Deleting Subversion repository files (for real)

Keeping files and directories in the repository is one of the key principles of Subversion, so once you’ve committed something, it’s there for ever. You can delete files, but they still exist somewhere in the repository, so you can go back in time.

But there is always that time where you’ve (accidentally) committed a password file, a directory full of hi-res images, or some other contents you don’t want other people to see that you want to get rid off. That’s where the hard part starts…

After searching the internet and checking the Subversion FAQ it looks quite hard, but with some guidance, you’ll find out it’s not.

Finding the problems

First you have to do a (complete) checkout of the repository you want to clean:

svn co http://svn.apache.org/repos/asf/ asf

Now you can start to locate the problems and delete the files/directories (not svn delete!):

rm -Rf subversion/trunk/tools/buildbot;
rm -Rf subversion/trunk/README;
rm -Rf subversion/trunk/build;

When you’re done delete files and directories, you can generate a list of ‘missing’ files.

Checking your files:

svn status
!      subversion/trunk/tools/buildbot
!      subversion/trunk/README
!      subversion/trunk/build

Generating that list (outside the working copy):

svn status | sed s/"!      "// > ../filter.txt

Fixing the problems

Now you have a nice list of files to delete (make sure it includes the parent directories, right to the root), you should login on the server hosting the repository.

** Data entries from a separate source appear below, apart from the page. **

text \<open>Testing the kernel against the continuous clamps \<open>max (-1) (min 1 (W / c))\<close> and
  letting \<open>c \<rightarrow> 0\<close>.\<close>
lemma neumann_heat_kernel_abs_integral_le_1:
  assumes sd: "smooth_domain P \<rho>" and kern: "neumann_heat_kernel P \<rho> W"
    and x: "x \<in> closure P" and "s < t"
  shows "(LINT y:P|lborel. \<bar>W x t y s\<bar>) \<le> 1"
proof -
  have "bounded P"
    using sd unfolding smooth_domain_def by blast
  then have "emeasure lborel P < \<infinity>"
    by (rule emeasure_bounded_finite)
  have "P \<in> sets lborel"
    using smooth_domain_open[OF sd] by simp
  then have int_const: "set_integrable lborel P (\<lambda>_. c)" for c :: real
    using \<open>emeasure lborel P < \<infinity>\<close>
    by (simp add: set_integrable_def integrable_indicator_iff)
  have "continuous_on {(x,t,y,s). x \<in> closure P \<and> y \<in> closure P \<and> s < t} (\<lambda>(x,t,y,s). W x t y s)"
    using kern unfolding neumann_heat_kernel_def by blast
  then have "continuous_on (closure P) (\<lambda>y. (\<lambda>(x,t,y,s). W x t y s) (x, t, y, s))"
    by (rule continuous_on_compose2) (use x \<open>s < t\<close> in \<open>auto intro!: continuous_intros\<close>)
  then have cW: "continuous_on (closure P) (\<lambda>y. W x t y s)"
    by simp
  have "set_integrable lborel P (\<lambda>y. W x t y s)"
    using neumann_heat_kernel_set_integrable[OF kern continuous_on_const x \<open>s < t\<close>, of 1] by simp
  then have int_abs: "set_integrable lborel P (\<lambda>y. \<bar>W x t y s\<bar>)"
    by (rule set_integrable_abs)
  have bound: "(LINT y:P|lborel. \<bar>W x t y s\<bar>) \<le> 1 + c * measure lborel P" if "0 < c" for c
  proof -
    define g where "g y = max (-1) (min 1 (W x t y s / c))" for y
    have cg: "continuous_on (closure P) g"
      unfolding g_def by (intro continuous_intros cW) (use that in simp)
    have "(LINT y:P|lborel. \<bar>W x t y s\<bar> - c) \<le> (LINT y:P|lborel. W x t y s * g y)"
      using abs_le_mul_clamp[OF that]
      by (intro set_integral_mono set_integral_diff(1) int_abs int_const
          neumann_heat_kernel_set_integrable[OF kern cg x \<open>s < t\<close>]) (simp add: g_def)
    also have "\<dots> \<le> 1"
      by (rule neumann_heat_kernel_integral_le[OF sd kern cg _ x \<open>s < t\<close>]) (simp add: g_def)
    finally show ?thesis
      using set_integral_diff(2)[OF int_abs int_const] \<open>emeasure lborel P < \<infinity>\<close>
      by (simp add: set_integral_const[OF \<open>P \<in> sets lborel\<close>] mult.commute)
  qed
  have "((\<lambda>c. 1 + c * measure lborel P) \<longlongrightarrow> 1) (at_right 0)"
    by (auto intro!: tendsto_eq_intros)
  moreover have "\<forall>\<^sub>F c in at_right 0. (LINT y:P|lborel. \<bar>W x t y s\<bar>) \<le> 1 + c * measure lborel P"
    using eventually_at_right_less by (rule eventually_mono) (rule bound)
  ultimately show ?thesis
    by (rule tendsto_lowerbound) simp
qed

lemma neumann_heat_kernel_integral_abs_le:
  assumes sd: "smooth_domain P \<rho>" and kern: "neumann_heat_kernel P \<rho> W"
    and x: "x \<in> closure P" and "s < t" and f: "\<And>y. y \<in> P \<Longrightarrow> \<bar>f y\<bar> \<le> M"
  shows "\<bar>LINT y:P|lborel. W x t y s * f y\<bar> \<le> M"
proof -
  obtain y where "y \<in> P"
    using sd by (auto simp: smooth_domain_def)
  then have "0 \<le> M"
    using f by force
  show ?thesis
  proof (cases "set_integrable lborel P (\<lambda>y. W x t y s * f y)")
    case True
    have int_W: "set_integrable lborel P (\<lambda>y. W x t y s)"
      using neumann_heat_kernel_set_integrable[OF kern continuous_on_const x \<open>s < t\<close>, of 1] by simp
    have "\<bar>LINT y:P|lborel. W x t y s * f y\<bar> \<le> (LINT y:P|lborel. \<bar>W x t y s * f y\<bar>)"
      using set_integral_norm_bound[OF True] by simp
    also have "\<dots> \<le> (LINT y:P|lborel. M * \<bar>W x t y s\<bar>)"
    proof (rule set_integral_mono)
      show "set_integrable lborel P (\<lambda>y. \<bar>W x t y s * f y\<bar>)"
        using set_integrable_abs[OF True] by simp
      show "set_integrable lborel P (\<lambda>y. M * \<bar>W x t y s\<bar>)"
        using set_integrable_abs[OF int_W] by (rule set_integrable_mult_right)
      show "\<bar>W x t y s * f y\<bar> \<le> M * \<bar>W x t y s\<bar>" if "y \<in> P" for y
        using mult_left_mono[OF f[OF that], of "\<bar>W x t y s\<bar>"] by (simp add: abs_mult mult.commute)
    qed
    also have "\<dots> = M * (LINT y:P|lborel. \<bar>W x t y s\<bar>)"
      by simp
    also have "\<dots> \<le> M"
      using neumann_heat_kernel_abs_integral_le_1[OF sd kern x \<open>s < t\<close>] \<open>0 \<le> M\<close>
      by (rule mult_left_le)
    finally show ?thesis .
  next
    case False
    then show ?thesis
      using \<open>0 \<le> M\<close>
      by (simp add: set_lebesgue_integral_def set_integrable_def not_integrable_integral_eq)
  qed
qed

text \<open>For \<open>s < t\<close> the slice \<open>s \<mapsto> \<integral>\<^sub>P W(x,t,y,s) F(y,s) dy\<close> coincides with the
  \<open>y\<close>-integral of a jointly Borel measurable function, which makes it measurable in \<open>s\<close>;
  at \<open>s = t\<close> the kernel carries no information.\<close>
lemma neumann_heat_kernel_time_slice:
  fixes F :: "real^2 \<Rightarrow> real \<Rightarrow> real"
  assumes sd: "smooth_domain P \<rho>" and kern: "neumann_heat_kernel P \<rho> W" and x: "x \<in> closure P"
    and meas: "set_borel_measurable borel (P \<times> {0..}) (\<lambda>p. F (fst p) (snd p))"
    and bnd: "\<And>y s. y \<in> P \<Longrightarrow> 0 \<le> s \<Longrightarrow> s \<le> t \<Longrightarrow> \<bar>F y s\<bar> \<le> M" and "0 \<le> M"
  obtains J where "J \<in> borel_measurable lborel" and "\<And>s. \<bar>J s\<bar> \<le> M"
    and "\<And>s. 0 \<le> s \<Longrightarrow> s < t \<Longrightarrow> J s = (LINT y:P|lborel. W x t y s * F y s)"
proof -
  define J where "J s = (\<integral>y. (indicator ({..<t} \<times> P) (s, y) * W x t y s)
      * (indicator (P \<times> {0..}) (y, s) * F y s) \<partial>lborel)" for s
  have "continuous_on {(x,t,y,s). x \<in> closure P \<and> y \<in> closure P \<and> s < t} (\<lambda>(x,t,y,s). W x t y s)"
    using kern unfolding neumann_heat_kernel_def by blast
  then have "continuous_on ({..<t} \<times> P) (\<lambda>q. (\<lambda>(x,t,y,s). W x t y s) (x, t, snd q, fst q))"
    by (rule continuous_on_compose2) (use x closure_subset[of P] in \<open>auto intro!: continuous_intros\<close>)
  then have "continuous_on ({..<t} \<times> P) (\<lambda>q. W x t (snd q) (fst q))"
    by simp
  then have "(\<lambda>q::real \<times> (real^2). indicator ({..<t} \<times> P) q *\<^sub>R W x t (snd q) (fst q))
      \<in> borel_measurable borel"
    by (intro borel_measurable_continuous_on_indicator borel_open open_Times open_lessThan
        smooth_domain_open[OF sd])
  moreover have "(\<lambda>q::real \<times> (real^2). indicator (P \<times> {0..}) (snd q, fst q) *\<^sub>R F (snd q) (fst q))
      \<in> borel_measurable borel"
    using measurable_compose[OF _ meas[unfolded set_borel_measurable_def], of "\<lambda>q. (snd q, fst q)"]
    by (simp add: borel_measurable_continuous_onI continuous_intros)
  ultimately have "(\<lambda>(s, y). (indicator ({..<t} \<times> P) (s, y) * W x t y s)
      * (indicator (P \<times> {0..}) (y, s) * F y s)) \<in> borel_measurable (lborel \<Otimes>\<^sub>M lborel)"
    unfolding lborel_prod measurable_lborel2 case_prod_beta' by (simp add: borel_measurable_times)
  then have "J \<in> borel_measurable lborel"
    unfolding J_def by (rule lborel.borel_measurable_lebesgue_integral)
  moreover have J_eq: "J s = (LINT y:P|lborel. W x t y s * F y s)" if "0 \<le> s" "s < t" for s
    unfolding J_def set_lebesgue_integral_def
    by (rule Bochner_Integration.integral_cong) (use that in \<open>auto simp: indicator_def\<close>)
  moreover have "\<bar>J s\<bar> \<le> M" for s
  proof (cases "0 \<le> s \<and> s < t")
    case True
    then show ?thesis
      using J_eq neumann_heat_kernel_integral_abs_le[OF sd kern x, of s t "\<lambda>y. F y s" M] bnd
      by simp
  next
    case False
    then have "J s = 0"
      unfolding J_def by (intro integral_eq_zero_AE AE_I2) (auto simp: indicator_def)
    then show ?thesis
      using \<open>0 \<le> M\<close> by simp
  qed
  ultimately show ?thesis
    using that by blast
qed

section \<open>Time integrals\<close>

lemma set_integral_Icc_cong_Ico:
  fixes f g :: "real \<Rightarrow> real"
  assumes "\<And>s. a \<le> s \<Longrightarrow> s < b \<Longrightarrow> f s = g s"
  shows "(LINT s:{a..b}|lborel. f s) = (LINT s:{a..b}|lborel. g s)"
  unfolding set_lebesgue_integral_def
  by (rule integral_discrete_difference[where X="{b}"]) (use assms in \<open>auto simp: indicator_def\<close>)

lemma set_integrable_Icc_bounded:
  fixes f :: "real \<Rightarrow> real"
  assumes "f \<in> borel_measurable lborel" and "\<And>s. s \<in> {a..b} \<Longrightarrow> \<bar>f s\<bar> \<le> K"
  shows "set_integrable lborel {a..b} f"
proof (rule set_integrable_bound[where f="\<lambda>_. K"])
  show "set_integrable lborel {a..b} (\<lambda>_. K)"
    by (cases "a \<le> b") (simp_all add: set_integrable_def integrable_indicator_iff)
  show "set_borel_measurable lborel {a..b} f"
    using assms(1) unfolding set_borel_measurable_def by measurable
  show "AE s in lborel. s \<in> {a..b} \<longrightarrow> norm (f s) \<le> norm K"
    using assms(2) by (intro AE_I2) force
qed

We first want to make sure there is a backup:

svnadmin dump file:///var/svn/asf > ~/backup_svn/asf.dump

Now we can use that backup file as the input of file for the svndumpfilter command. In combination with the filter list we’ve generated on the client, we can create a filtered dump version:

svndumpfilter exclude `cat filter.txt` < ~/backup_svn/asf.dump > asf_filtered.dump

To load that file back in the repository, we should ‘delete’ the original repository. (The httpd commands are just to make sure no one commits while processing the changes).

/etc/init.d/httpd stop;
mv /var/svn/asf ~/backup_svn/asf;
svnadmin create --fs-type fsfs /var/svn/asf;
svnadmin load /var/svn/asf &lt; asf_filtered.dump;
/etc/init.d/httpd start;

Please note that directories and command line options can be different, but the outcome should be the same.

Now we have the same repository, without the (accidentally) committed files/directories!

New problems

After the filtering, it is possible that complete revisions are empty. It is possible to skip empty revisions, but then all revisions are renumbered, and that could be problematic for other software (e.g. Trac).